WORK INSTRUCTION:
Among the lines of the records, find all that carry the word "define" and copy them.

INPUT MATERIAL:
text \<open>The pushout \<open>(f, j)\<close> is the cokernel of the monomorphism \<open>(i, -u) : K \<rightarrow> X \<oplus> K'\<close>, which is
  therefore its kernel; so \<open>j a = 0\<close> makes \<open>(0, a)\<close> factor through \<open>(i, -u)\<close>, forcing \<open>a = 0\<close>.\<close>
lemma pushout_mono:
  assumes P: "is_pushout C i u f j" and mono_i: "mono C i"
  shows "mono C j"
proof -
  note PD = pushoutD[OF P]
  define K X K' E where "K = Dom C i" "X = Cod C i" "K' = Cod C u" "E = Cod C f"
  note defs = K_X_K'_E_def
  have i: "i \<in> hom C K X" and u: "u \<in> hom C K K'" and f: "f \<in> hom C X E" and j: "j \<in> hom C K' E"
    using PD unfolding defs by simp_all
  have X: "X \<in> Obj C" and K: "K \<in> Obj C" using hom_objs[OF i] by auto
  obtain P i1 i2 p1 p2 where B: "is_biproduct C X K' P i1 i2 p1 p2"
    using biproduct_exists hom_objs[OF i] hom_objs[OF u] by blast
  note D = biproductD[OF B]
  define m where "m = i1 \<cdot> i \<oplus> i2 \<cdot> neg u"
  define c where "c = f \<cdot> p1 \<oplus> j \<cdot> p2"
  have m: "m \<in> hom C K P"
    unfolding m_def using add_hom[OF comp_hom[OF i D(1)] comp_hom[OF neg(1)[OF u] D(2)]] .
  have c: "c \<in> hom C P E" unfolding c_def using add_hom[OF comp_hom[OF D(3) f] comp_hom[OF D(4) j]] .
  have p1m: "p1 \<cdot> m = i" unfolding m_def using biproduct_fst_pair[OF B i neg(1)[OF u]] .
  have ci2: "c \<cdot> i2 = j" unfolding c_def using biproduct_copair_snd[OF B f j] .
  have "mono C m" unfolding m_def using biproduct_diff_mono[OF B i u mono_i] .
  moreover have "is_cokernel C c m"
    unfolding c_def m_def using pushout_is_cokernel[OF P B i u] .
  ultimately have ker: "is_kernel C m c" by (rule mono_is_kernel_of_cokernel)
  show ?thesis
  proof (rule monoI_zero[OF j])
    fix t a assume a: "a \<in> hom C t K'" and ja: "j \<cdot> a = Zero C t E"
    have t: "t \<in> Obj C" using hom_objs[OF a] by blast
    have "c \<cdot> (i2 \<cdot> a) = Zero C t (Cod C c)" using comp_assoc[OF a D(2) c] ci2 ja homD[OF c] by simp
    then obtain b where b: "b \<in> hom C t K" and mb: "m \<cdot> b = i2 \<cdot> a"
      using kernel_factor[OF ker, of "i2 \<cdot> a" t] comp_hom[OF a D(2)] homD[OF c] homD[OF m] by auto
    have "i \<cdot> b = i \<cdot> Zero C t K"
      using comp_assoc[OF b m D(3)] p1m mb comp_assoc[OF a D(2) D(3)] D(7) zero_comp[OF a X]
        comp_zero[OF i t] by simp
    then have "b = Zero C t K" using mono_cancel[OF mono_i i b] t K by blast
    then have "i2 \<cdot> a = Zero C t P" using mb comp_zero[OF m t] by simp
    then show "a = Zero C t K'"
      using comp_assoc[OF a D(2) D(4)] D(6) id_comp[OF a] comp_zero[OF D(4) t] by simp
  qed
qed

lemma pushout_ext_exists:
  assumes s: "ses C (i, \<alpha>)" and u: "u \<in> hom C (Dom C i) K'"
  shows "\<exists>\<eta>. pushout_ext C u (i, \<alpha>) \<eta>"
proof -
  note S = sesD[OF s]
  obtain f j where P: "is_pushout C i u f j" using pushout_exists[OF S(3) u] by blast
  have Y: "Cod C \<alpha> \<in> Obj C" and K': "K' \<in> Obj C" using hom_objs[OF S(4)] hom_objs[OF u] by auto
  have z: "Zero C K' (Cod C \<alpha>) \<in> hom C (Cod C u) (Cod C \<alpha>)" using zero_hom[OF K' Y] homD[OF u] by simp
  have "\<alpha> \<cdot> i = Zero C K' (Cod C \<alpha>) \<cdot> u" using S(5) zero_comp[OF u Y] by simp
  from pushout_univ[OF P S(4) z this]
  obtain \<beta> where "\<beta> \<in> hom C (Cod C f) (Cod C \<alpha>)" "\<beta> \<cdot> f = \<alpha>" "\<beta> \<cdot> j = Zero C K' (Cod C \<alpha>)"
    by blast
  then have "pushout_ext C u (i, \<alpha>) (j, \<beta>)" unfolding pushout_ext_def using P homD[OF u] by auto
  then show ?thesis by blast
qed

EXPECTED ANSWER:
  define K X K' E where "K = Dom C i" "X = Cod C i" "K' = Cod C u" "E = Cod C f"
  define m where "m = i1 \<cdot> i \<oplus> i2 \<cdot> neg u"
  define c where "c = f \<cdot> p1 \<oplus> j \<cdot> p2"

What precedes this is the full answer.